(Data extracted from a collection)
BEGIN

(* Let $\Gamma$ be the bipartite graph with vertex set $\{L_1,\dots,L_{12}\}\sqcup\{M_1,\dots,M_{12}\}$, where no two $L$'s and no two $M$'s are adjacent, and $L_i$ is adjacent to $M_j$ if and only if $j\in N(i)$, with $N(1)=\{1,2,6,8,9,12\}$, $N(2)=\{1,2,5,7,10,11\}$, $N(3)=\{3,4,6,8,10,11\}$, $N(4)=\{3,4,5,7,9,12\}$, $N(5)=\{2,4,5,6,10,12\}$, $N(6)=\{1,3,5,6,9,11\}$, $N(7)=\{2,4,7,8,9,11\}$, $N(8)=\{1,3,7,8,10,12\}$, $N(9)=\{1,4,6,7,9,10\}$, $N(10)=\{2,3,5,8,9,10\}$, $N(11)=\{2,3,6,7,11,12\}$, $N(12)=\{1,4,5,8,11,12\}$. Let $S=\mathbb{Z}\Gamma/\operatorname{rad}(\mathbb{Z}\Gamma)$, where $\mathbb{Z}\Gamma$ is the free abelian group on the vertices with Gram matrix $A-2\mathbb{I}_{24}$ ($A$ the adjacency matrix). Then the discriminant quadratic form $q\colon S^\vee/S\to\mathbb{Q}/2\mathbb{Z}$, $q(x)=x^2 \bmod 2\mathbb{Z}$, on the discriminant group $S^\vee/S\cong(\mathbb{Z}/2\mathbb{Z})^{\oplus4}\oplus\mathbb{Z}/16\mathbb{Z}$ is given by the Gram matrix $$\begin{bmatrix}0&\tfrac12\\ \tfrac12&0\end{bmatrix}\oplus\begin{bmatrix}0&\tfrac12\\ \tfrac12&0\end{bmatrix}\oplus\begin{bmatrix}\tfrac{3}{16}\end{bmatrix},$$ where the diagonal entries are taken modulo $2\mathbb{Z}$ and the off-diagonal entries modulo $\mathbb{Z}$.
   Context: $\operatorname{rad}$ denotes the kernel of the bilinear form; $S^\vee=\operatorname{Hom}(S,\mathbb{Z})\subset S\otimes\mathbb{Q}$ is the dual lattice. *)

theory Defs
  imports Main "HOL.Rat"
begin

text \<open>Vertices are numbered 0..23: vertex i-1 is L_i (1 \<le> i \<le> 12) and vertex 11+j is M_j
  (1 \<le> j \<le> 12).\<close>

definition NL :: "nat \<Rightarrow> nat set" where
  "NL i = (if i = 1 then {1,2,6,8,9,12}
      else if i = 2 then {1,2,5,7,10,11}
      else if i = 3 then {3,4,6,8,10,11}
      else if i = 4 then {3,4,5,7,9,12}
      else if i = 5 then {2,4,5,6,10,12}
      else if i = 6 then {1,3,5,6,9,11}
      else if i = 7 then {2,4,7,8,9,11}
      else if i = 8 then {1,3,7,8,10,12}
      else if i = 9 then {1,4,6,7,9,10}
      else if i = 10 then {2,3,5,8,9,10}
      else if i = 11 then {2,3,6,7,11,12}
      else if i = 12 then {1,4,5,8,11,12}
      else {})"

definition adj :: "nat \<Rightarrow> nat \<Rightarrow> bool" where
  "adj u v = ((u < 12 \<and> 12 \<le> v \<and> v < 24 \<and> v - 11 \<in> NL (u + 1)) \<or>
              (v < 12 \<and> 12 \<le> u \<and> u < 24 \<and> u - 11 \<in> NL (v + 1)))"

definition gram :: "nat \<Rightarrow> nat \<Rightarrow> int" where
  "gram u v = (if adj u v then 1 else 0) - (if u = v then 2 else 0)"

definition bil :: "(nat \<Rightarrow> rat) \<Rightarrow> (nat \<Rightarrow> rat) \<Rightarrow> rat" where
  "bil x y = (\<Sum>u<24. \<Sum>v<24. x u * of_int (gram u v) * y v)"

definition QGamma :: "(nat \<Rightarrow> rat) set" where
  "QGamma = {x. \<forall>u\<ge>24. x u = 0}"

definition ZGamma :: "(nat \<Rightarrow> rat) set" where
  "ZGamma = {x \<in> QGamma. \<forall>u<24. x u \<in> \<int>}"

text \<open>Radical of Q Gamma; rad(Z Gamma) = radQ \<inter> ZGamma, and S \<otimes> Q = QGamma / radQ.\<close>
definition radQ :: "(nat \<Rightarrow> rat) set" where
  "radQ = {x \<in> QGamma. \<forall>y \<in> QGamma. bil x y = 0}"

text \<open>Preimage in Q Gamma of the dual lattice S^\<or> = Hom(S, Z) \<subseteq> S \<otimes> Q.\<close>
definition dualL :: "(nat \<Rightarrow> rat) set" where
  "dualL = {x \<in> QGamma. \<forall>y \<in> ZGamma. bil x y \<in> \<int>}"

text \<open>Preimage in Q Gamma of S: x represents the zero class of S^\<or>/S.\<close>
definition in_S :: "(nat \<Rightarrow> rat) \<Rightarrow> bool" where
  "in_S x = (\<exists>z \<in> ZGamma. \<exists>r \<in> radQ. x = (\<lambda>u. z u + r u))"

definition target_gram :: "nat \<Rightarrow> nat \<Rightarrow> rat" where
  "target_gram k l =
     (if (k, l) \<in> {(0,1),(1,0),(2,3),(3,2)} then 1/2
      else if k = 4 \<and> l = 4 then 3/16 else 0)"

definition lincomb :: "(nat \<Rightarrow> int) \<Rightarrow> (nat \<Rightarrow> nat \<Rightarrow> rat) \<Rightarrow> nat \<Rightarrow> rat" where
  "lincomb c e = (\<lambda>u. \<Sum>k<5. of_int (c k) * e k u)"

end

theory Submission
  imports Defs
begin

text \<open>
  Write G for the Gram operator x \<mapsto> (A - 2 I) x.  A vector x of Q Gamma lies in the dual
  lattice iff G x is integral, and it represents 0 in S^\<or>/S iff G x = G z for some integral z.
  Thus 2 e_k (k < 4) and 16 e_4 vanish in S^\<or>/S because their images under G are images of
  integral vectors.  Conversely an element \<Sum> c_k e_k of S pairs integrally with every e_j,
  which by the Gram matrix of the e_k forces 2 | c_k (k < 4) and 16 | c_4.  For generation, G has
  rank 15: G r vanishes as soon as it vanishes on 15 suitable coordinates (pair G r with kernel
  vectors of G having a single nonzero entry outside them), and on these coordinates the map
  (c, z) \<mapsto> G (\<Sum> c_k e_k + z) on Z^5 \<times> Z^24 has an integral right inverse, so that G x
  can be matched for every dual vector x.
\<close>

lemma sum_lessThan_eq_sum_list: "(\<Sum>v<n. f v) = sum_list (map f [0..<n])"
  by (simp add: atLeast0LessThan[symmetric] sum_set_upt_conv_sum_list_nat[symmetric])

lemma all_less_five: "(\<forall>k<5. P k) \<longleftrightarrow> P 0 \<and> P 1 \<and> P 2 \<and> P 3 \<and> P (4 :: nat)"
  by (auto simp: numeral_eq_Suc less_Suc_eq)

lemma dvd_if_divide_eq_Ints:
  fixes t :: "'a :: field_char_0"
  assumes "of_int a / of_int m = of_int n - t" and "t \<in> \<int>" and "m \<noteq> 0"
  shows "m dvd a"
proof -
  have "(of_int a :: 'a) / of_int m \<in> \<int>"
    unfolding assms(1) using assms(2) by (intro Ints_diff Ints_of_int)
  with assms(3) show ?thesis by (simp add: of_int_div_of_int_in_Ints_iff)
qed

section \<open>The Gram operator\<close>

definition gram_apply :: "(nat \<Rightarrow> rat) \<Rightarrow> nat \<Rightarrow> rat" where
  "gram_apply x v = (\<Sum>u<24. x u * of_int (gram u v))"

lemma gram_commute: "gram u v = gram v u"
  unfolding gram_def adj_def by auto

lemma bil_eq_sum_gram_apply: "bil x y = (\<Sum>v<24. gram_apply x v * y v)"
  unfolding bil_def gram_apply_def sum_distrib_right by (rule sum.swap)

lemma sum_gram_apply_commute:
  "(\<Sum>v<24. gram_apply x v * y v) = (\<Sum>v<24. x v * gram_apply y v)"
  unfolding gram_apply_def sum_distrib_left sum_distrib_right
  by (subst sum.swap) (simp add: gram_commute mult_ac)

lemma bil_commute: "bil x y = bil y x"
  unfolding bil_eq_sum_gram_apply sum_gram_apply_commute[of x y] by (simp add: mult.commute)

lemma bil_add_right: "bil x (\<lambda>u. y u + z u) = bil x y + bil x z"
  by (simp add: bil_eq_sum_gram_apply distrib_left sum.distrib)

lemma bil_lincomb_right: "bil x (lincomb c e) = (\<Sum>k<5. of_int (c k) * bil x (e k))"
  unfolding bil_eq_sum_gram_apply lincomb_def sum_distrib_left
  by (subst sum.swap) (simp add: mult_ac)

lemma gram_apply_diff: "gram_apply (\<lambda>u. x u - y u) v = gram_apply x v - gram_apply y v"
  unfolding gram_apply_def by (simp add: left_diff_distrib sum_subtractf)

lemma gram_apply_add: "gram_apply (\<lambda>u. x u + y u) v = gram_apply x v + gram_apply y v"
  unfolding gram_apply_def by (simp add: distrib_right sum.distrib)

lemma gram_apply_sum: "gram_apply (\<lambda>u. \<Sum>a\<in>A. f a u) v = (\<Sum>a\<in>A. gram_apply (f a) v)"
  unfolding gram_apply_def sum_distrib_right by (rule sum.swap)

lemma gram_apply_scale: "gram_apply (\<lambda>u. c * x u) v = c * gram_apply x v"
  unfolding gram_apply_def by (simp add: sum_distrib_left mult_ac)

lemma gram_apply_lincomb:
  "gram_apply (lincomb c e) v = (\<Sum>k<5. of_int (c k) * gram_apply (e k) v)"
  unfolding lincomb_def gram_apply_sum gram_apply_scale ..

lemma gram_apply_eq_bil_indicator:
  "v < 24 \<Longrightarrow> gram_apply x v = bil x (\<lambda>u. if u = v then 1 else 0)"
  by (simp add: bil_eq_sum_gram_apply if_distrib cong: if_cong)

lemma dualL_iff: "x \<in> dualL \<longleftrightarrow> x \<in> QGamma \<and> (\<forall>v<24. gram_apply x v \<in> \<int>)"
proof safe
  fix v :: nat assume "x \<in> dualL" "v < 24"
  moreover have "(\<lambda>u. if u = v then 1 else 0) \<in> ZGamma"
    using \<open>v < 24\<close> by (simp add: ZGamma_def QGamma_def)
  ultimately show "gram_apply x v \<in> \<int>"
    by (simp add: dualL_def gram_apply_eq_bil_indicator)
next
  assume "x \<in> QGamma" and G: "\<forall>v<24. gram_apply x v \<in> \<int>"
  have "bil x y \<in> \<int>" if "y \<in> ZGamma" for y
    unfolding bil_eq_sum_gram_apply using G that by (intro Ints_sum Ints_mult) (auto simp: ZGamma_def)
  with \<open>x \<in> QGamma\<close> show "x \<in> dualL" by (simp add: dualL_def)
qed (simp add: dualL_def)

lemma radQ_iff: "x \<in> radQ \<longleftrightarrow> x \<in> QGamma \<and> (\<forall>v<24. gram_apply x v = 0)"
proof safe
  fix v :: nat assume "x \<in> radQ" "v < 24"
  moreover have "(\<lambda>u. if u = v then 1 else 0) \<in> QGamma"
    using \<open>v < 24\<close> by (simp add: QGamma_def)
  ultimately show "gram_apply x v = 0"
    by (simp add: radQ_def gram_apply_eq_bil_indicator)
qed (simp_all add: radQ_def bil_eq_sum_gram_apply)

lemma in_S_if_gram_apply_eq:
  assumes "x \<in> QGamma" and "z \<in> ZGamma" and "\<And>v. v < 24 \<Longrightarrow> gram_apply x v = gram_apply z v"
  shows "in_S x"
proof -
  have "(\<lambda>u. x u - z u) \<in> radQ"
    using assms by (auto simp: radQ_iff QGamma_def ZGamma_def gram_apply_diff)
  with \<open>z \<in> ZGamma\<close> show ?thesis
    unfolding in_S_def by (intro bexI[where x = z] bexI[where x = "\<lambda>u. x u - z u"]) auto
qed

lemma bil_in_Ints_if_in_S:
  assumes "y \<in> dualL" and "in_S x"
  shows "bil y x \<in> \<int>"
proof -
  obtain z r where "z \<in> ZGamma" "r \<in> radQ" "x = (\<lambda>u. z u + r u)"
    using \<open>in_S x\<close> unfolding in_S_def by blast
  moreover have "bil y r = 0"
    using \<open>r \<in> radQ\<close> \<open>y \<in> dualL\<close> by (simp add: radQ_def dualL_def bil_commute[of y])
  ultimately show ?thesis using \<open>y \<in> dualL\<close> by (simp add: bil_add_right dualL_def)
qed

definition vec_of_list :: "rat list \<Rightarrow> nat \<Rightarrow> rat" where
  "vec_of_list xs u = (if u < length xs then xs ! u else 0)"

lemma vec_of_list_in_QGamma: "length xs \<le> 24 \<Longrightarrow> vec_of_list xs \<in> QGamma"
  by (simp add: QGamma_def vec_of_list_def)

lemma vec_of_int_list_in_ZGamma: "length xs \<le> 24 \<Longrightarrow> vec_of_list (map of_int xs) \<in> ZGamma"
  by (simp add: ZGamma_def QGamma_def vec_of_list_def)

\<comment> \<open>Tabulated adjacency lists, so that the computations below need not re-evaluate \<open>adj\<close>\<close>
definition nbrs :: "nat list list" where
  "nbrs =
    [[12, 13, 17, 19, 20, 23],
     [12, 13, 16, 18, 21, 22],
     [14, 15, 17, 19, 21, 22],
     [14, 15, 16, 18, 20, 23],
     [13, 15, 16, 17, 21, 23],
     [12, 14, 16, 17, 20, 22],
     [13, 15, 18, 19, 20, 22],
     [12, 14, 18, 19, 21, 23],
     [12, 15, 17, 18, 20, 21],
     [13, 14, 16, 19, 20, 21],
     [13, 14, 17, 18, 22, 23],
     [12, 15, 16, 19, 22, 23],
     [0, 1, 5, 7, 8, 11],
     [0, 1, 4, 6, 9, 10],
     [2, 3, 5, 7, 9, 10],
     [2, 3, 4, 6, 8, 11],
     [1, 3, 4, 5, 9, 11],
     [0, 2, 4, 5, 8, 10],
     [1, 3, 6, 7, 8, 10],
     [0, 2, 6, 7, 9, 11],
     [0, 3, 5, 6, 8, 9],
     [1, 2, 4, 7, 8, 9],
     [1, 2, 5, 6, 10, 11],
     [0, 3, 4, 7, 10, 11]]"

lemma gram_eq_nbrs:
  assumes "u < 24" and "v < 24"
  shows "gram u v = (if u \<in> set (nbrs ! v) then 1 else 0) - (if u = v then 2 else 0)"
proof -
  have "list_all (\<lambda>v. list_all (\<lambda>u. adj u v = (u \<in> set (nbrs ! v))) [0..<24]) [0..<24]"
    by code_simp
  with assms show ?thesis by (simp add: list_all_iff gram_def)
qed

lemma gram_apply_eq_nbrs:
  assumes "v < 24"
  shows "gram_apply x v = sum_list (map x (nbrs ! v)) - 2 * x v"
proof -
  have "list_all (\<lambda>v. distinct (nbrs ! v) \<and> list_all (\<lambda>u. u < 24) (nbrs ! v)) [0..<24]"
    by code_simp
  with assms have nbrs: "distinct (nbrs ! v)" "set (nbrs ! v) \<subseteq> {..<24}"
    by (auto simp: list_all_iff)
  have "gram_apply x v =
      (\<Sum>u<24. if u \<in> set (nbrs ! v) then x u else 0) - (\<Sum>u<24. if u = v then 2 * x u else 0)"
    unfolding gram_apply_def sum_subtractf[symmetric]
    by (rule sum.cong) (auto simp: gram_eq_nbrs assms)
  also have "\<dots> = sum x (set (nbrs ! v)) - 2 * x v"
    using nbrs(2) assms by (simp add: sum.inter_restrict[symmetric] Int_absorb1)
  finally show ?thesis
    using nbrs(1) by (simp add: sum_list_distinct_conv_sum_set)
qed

END

• _Work order_
Please write out exactly the lines from the start of the data through the line that contains "else if i = 6", both ends included, and nothing else.

• _Finished exercise_
(* Let $\Gamma$ be the bipartite graph with vertex set $\{L_1,\dots,L_{12}\}\sqcup\{M_1,\dots,M_{12}\}$, where no two $L$'s and no two $M$'s are adjacent, and $L_i$ is adjacent to $M_j$ if and only if $j\in N(i)$, with $N(1)=\{1,2,6,8,9,12\}$, $N(2)=\{1,2,5,7,10,11\}$, $N(3)=\{3,4,6,8,10,11\}$, $N(4)=\{3,4,5,7,9,12\}$, $N(5)=\{2,4,5,6,10,12\}$, $N(6)=\{1,3,5,6,9,11\}$, $N(7)=\{2,4,7,8,9,11\}$, $N(8)=\{1,3,7,8,10,12\}$, $N(9)=\{1,4,6,7,9,10\}$, $N(10)=\{2,3,5,8,9,10\}$, $N(11)=\{2,3,6,7,11,12\}$, $N(12)=\{1,4,5,8,11,12\}$. Let $S=\mathbb{Z}\Gamma/\operatorname{rad}(\mathbb{Z}\Gamma)$, where $\mathbb{Z}\Gamma$ is the free abelian group on the vertices with Gram matrix $A-2\mathbb{I}_{24}$ ($A$ the adjacency matrix). Then the discriminant quadratic form $q\colon S^\vee/S\to\mathbb{Q}/2\mathbb{Z}$, $q(x)=x^2 \bmod 2\mathbb{Z}$, on the discriminant group $S^\vee/S\cong(\mathbb{Z}/2\mathbb{Z})^{\oplus4}\oplus\mathbb{Z}/16\mathbb{Z}$ is given by the Gram matrix $$\begin{bmatrix}0&\tfrac12\\ \tfrac12&0\end{bmatrix}\oplus\begin{bmatrix}0&\tfrac12\\ \tfrac12&0\end{bmatrix}\oplus\begin{bmatrix}\tfrac{3}{16}\end{bmatrix},$$ where the diagonal entries are taken modulo $2\mathbb{Z}$ and the off-diagonal entries modulo $\mathbb{Z}$.
   Context: $\operatorname{rad}$ denotes the kernel of the bilinear form; $S^\vee=\operatorname{Hom}(S,\mathbb{Z})\subset S\otimes\mathbb{Q}$ is the dual lattice. *)

theory Defs
  imports Main "HOL.Rat"
begin

text \<open>Vertices are numbered 0..23: vertex i-1 is L_i (1 \<le> i \<le> 12) and vertex 11+j is M_j
  (1 \<le> j \<le> 12).\<close>

definition NL :: "nat \<Rightarrow> nat set" where
  "NL i = (if i = 1 then {1,2,6,8,9,12}
      else if i = 2 then {1,2,5,7,10,11}
      else if i = 3 then {3,4,6,8,10,11}
      else if i = 4 then {3,4,5,7,9,12}
      else if i = 5 then {2,4,5,6,10,12}
      else if i = 6 then {1,3,5,6,9,11}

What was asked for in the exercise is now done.